Sueño del Fevre (28 page)

»Entonces, llegó a nuestro mundo procedente del sur vuestra raza. El pueblo del día, tan parecido a nosotros y tan diferente. El pueblo del día era débil. Nosotros matábamos a su gente con facilidad y disfrutábamos con ello pues nos parecíais hermosos y mi pueblo siempre se ha sentido atraído por la belleza. Quizá era su semejanza con nosotros lo que nos atraía tanto. Durante siglos, los humanos fueron simplemente nuestras presas favoritas.

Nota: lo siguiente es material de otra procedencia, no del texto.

(* $\left\|\begin{bmatrix}0&0&0&1\\0&1&1&1\\0&1&0&0\\1&1&0&0\end{bmatrix}\right\|_\bullet>\left\|\begin{bmatrix}1&1&0&0\\0&1&1&0\\0&0&1&1\\0&0&0&1\end{bmatrix}\right\|_\bullet$.
   Context: Fix $\mathbb F\in\{\mathbb R,\mathbb C\}$. For an $m\times n$ matrix $A$, the Schur norm is $\|A\|_\bullet=\sup\{\|A\bullet X\|: X\in M_{m,n}(\mathbb F),\ \|X\|\le1\}$, where $A\bullet X=[a_{ij}x_{ij}]$ is the entrywise product and $\|\cdot\|$ is the operator norm $\ell^2_n\to\ell^2_m$. *)

theory Defs
  imports Complex_Main
begin

text \<open>Matrices are represented as functions nat => nat => 'a, with the size
(m rows, n columns) passed explicitly; only entries with i < m, j < n matter.\<close>

definition vec_norm2 :: "nat \<Rightarrow> (nat \<Rightarrow> 'a::real_normed_field) \<Rightarrow> real" where
  "vec_norm2 n v = sqrt (\<Sum>j<n. (norm (v j))^2)"

definition op_norm :: "nat \<Rightarrow> nat \<Rightarrow> (nat \<Rightarrow> nat \<Rightarrow> 'a::real_normed_field) \<Rightarrow> real" where
  "op_norm m n X = Sup {vec_norm2 m (\<lambda>i. \<Sum>j<n. X i j * v j) | v. vec_norm2 n v \<le> 1}"

definition schur_norm :: "nat \<Rightarrow> nat \<Rightarrow> (nat \<Rightarrow> nat \<Rightarrow> 'a::real_normed_field) \<Rightarrow> real" where
  "schur_norm m n A = Sup {op_norm m n (\<lambda>i j. A i j * X i j) | X. op_norm m n X \<le> 1}"

definition mat_of_rows :: "'a list list \<Rightarrow> nat \<Rightarrow> nat \<Rightarrow> 'a" where
  "mat_of_rows rs i j = rs ! i ! j"

end

theory Submission
  imports Defs "HOL-Analysis.Analysis"
begin

text \<open>Both Schur norms are squeezed by the explicit constant 5/4.
For the upper bound we use the easy half of the Grothendieck--Haagerup criterion:
if \<open>a\<^sub>i\<^sub>j = \<Sum>\<^sub>k r\<^sub>i\<^sub>k c\<^sub>j\<^sub>k\<close> with all rows of \<open>r\<close> of squared length \<open>\<le> P\<close> and all rows of
\<open>c\<close> of squared length \<open>\<le> Q\<close>, then \<open>\<parallel>a\<parallel>\<^sub>\<bullet> \<le> \<surd>(P Q)\<close>, because \<open>a \<bullet> X\<close> acts as
\<open>\<Sum>\<^sub>k diag(r\<^sub>k) X diag(c\<^sub>k)\<close> and Cauchy--Schwarz applies twice. A rational
factorisation of the second matrix gives \<open>\<surd>(582 \<cdot> 25/9312) = 5/4\<close>.
For the lower bound we exhibit a rational orthogonal matrix \<open>X\<close> (hence \<open>\<parallel>X\<parallel> \<le> 1\<close>)
and a vector \<open>v\<close> with \<open>\<parallel>(a \<bullet> X) v\<parallel> > 5/4 \<parallel>v\<parallel>\<close> for the first matrix.\<close>

lemma vec_norm2_nonneg: "vec_norm2 n v \<ge> 0"
  unfolding vec_norm2_def by (intro real_sqrt_ge_zero sum_nonneg) auto

lemma vec_norm2_power2: "(vec_norm2 n v)^2 = (\<Sum>j<n. (norm (v j))^2)"
  unfolding vec_norm2_def by (intro real_sqrt_pow2 sum_nonneg) auto

lemma vec_norm2_zero: "vec_norm2 n (\<lambda>j. 0::'a::real_normed_field) = 0"
  unfolding vec_norm2_def by simp

lemma vec_norm2_scale: "vec_norm2 n (\<lambda>j. c * v j) = norm c * vec_norm2 n v"
proof -
  have "(\<Sum>j<n. (norm (c * v j))^2) = (norm c)^2 * (\<Sum>j<n. (norm (v j))^2)"
    by (simp add: sum_distrib_left norm_mult power_mult_distrib)
  then show ?thesis unfolding vec_norm2_def by (simp add: real_sqrt_mult)
qed

lemma vec_norm2_le_by_squares:
  assumes "(\<Sum>i<m. (norm (u i))^2) \<le> c^2 * (\<Sum>j<n. (norm (v j))^2)" and "c \<ge> 0"
  shows "vec_norm2 m u \<le> c * vec_norm2 n v"
proof -
  have "vec_norm2 m u \<le> sqrt (c^2 * (\<Sum>j<n. (norm (v j))^2))"
    unfolding vec_norm2_def using assms(1) by (rule real_sqrt_le_mono)
  also have "\<dots> = c * vec_norm2 n v"
    using assms(2) unfolding vec_norm2_def by (simp add: real_sqrt_mult)
  finally show ?thesis .
qed

lemma vec_norm2_of_real:
  "vec_norm2 n (\<lambda>j. of_real (v j) :: 'a::real_normed_field) = sqrt (\<Sum>j<n. (v j)^2)"
  unfolding vec_norm2_def by simp

lemma norm_sum_mult_power2_le:
  fixes x y :: "'b \<Rightarrow> 'a::real_normed_field"
  shows "(norm (\<Sum>k\<in>I. x k * y k))^2 \<le> (\<Sum>k\<in>I. (norm (x k))^2) * (\<Sum>k\<in>I. (norm (y k))^2)"
proof -
  have "norm (\<Sum>k\<in>I. x k * y k) \<le> (\<Sum>k\<in>I. norm (x k) * norm (y k))"
    by (metis (no_types, lifting) norm_mult norm_sum sum.cong)
  then have "(norm (\<Sum>k\<in>I. x k * y k))^2 \<le> (\<Sum>k\<in>I. norm (x k) * norm (y k))^2"
    by (intro power_mono) auto
  also have "\<dots> \<le> (\<Sum>k\<in>I. (norm (x k))^2) * (\<Sum>k\<in>I. (norm (y k))^2)"
    by (rule Cauchy_Schwarz_ineq_sum)
  finally show ?thesis .
qed

lemma vec_norm2_mat_apply_le_frobenius:
  fixes X :: "nat \<Rightarrow> nat \<Rightarrow> 'a::real_normed_field"
  shows "vec_norm2 m (\<lambda>i. \<Sum>j<n. X i j * v j)
           \<le> sqrt (\<Sum>i<m. \<Sum>j<n. (norm (X i j))^2) * vec_norm2 n v"
proof (rule vec_norm2_le_by_squares)
  have "(\<Sum>i<m. (norm (\<Sum>j<n. X i j * v j))^2)
          \<le> (\<Sum>i<m. (\<Sum>j<n. (norm (X i j))^2) * (\<Sum>j<n. (norm (v j))^2))"
    by (intro sum_mono norm_sum_mult_power2_le)
  then show "(\<Sum>i<m. (norm (\<Sum>j<n. X i j * v j))^2)
               \<le> (sqrt (\<Sum>i<m. \<Sum>j<n. (norm (X i j))^2))^2 * (\<Sum>j<n. (norm (v j))^2)"
    by (simp add: sum_distrib_right sum_nonneg)
qed (intro real_sqrt_ge_zero sum_nonneg, auto)

lemma op_norm_bdd_above:
  fixes X :: "nat \<Rightarrow> nat \<Rightarrow> 'a::real_normed_field"
  shows "bdd_above {vec_norm2 m (\<lambda>i. \<Sum>j<n. X i j * v j) | v. vec_norm2 n v \<le> 1}"
proof (rule bdd_aboveI, clarify)
  let ?F = "sqrt (\<Sum>i<m. \<Sum>j<n. (norm (X i j))^2)"
  fix v :: "nat \<Rightarrow> 'a" assume "vec_norm2 n v \<le> 1"
  then have "?F * vec_norm2 n v \<le> ?F"
    by (intro mult_left_le real_sqrt_ge_zero sum_nonneg) auto
  then show "vec_norm2 m (\<lambda>i. \<Sum>j<n. X i j * v j) \<le> ?F"
    using vec_norm2_mat_apply_le_frobenius[where m=m and n=n and X=X and v=v] by linarith
qed

lemma op_norm_ge:
  fixes X :: "nat \<Rightarrow> nat \<Rightarrow> 'a::real_normed_field"
  assumes "vec_norm2 n v \<le> 1"
  shows "vec_norm2 m (\<lambda>i. \<Sum>j<n. X i j * v j) \<le> op_norm m n X"
  unfolding op_norm_def by (rule cSup_upper) (use assms op_norm_bdd_above in auto)

lemma op_norm_le:
  fixes X :: "nat \<Rightarrow> nat \<Rightarrow> 'a::real_normed_field"
  assumes "\<And>v. vec_norm2 m (\<lambda>i. \<Sum>j<n. X i j * v j) \<le> c * vec_norm2 n v" and "c \<ge> 0"
  shows "op_norm m n X \<le> c"
  unfolding op_norm_def
proof (rule cSup_least)
  have "vec_norm2 n (\<lambda>j. 0::'a) \<le> 1" by (simp add: vec_norm2_zero)
  then show "{vec_norm2 m (\<lambda>i. \<Sum>j<n. X i j * v j) | v. vec_norm2 n v \<le> 1} \<noteq> {}"
    by blast
next
  fix x assume "x \<in> {vec_norm2 m (\<lambda>i. \<Sum>j<n. X i j * v j) | v. vec_norm2 n v \<le> 1}"
  then obtain v where "vec_norm2 n v \<le> 1" and "x = vec_norm2 m (\<lambda>i. \<Sum>j<n. X i j * v j)"
    by auto
  with assms(1)[of v] assms(2) show "x \<le> c"
    by (smt (verit) mult_left_le)
qed

lemma op_norm_zero_le_1: "op_norm m n (\<lambda>i j. 0 :: 'a::real_normed_field) \<le> 1"
  by (rule op_norm_le) (simp_all add: vec_norm2_zero vec_norm2_nonneg)

lemma vec_norm2_mat_apply_le_op_norm:
  fixes X :: "nat \<Rightarrow> nat \<Rightarrow> 'a::real_normed_field"
  shows "vec_norm2 m (\<lambda>i. \<Sum>j<n. X i j * v j) \<le> op_norm m n X * vec_norm2 n v"
proof (cases "vec_norm2 n v = 0")
  case True
  then have "(\<Sum>j<n. (norm (v j))^2) = 0"
    using vec_norm2_power2[of n v] by simp
  then have "\<forall>j\<in>{..<n}. (norm (v j))^2 = 0"
    by (subst (asm) sum_nonneg_eq_0_iff) auto
  then have "(\<lambda>i. \<Sum>j<n. X i j * v j) = (\<lambda>i. 0)" by simp
  then show ?thesis using True by (simp add: vec_norm2_zero)
next
  case False
  define N where "N = vec_norm2 n v"
  have "N > 0" using False vec_norm2_nonneg[of n v] N_def by auto
  then have norm_inv_N: "norm (of_real (1/N) :: 'a) = 1/N" by (simp add: norm_divide)
  have "vec_norm2 n (\<lambda>j. of_real (1/N) * v j) \<le> 1"
    unfolding vec_norm2_scale norm_inv_N using \<open>N > 0\<close> N_def by simp
  then have "vec_norm2 m (\<lambda>i. \<Sum>j<n. X i j * (of_real (1/N) * v j)) \<le> op_norm m n X"
    by (rule op_norm_ge)
  moreover have "(\<lambda>i. \<Sum>j<n. X i j * (of_real (1/N) * v j))
                   = (\<lambda>i. of_real (1/N) * (\<Sum>j<n. X i j * v j))"
    by (simp add: sum_distrib_left mult_ac)
  ultimately have "(1/N) * vec_norm2 m (\<lambda>i. \<Sum>j<n. X i j * v j) \<le> op_norm m n X"
    by (simp only: vec_norm2_scale norm_inv_N)
  then show ?thesis using \<open>N > 0\<close> N_def by (simp add: field_simps)
qed

lemma op_norm_gt:
  fixes X :: "nat \<Rightarrow> nat \<Rightarrow> 'a::real_normed_field"
  assumes "vec_norm2 m (\<lambda>i. \<Sum>j<n. X i j * v j) > c * vec_norm2 n v"
  shows "op_norm m n X > c"
proof -
  have "c * vec_norm2 n v < op_norm m n X * vec_norm2 n v"
    using assms vec_norm2_mat_apply_le_op_norm[where m=m and n=n and X=X and v=v] by linarith
  then show ?thesis
    using vec_norm2_nonneg[of n v] by (smt (verit) mult_right_mono)
qed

»Pero con el tiempo se produjeron cambios. Mi raza es muy longeva, pero escasa en número. El impulso reproductor está curiosamente ausente de nosotros, mientras que en los humanos actúa con la misma furia irracional que la sed roja lo hace en nosotros. Cuando le pregunté por mi madre, Simon me contó que los varones de mi raza sólo sienten deseo cuando la mujer está totalmente excitada, y eso sucede muy pocas veces, casi únicamente cuando el varón y la mujer han compartido una muerte. Incluso entonces, la mujer rara vez es fértil, circunstancia que les alegra pues la concepción suele representar la muerte de nuestras hembras. Según me contó Simon, yo maté a mi madre al nacer, pues desgarré sus órganos internos en mi lucha por venir al mundo produciéndole tales heridas que ni siquiera sus poderes de recuperación pudieron salvarla. Y así es como entra en el mundo la mayor parte de los miembros de nuestra raza. Empezamos nuestras vidas entre la sangre y la muerte, e igual las vivimos.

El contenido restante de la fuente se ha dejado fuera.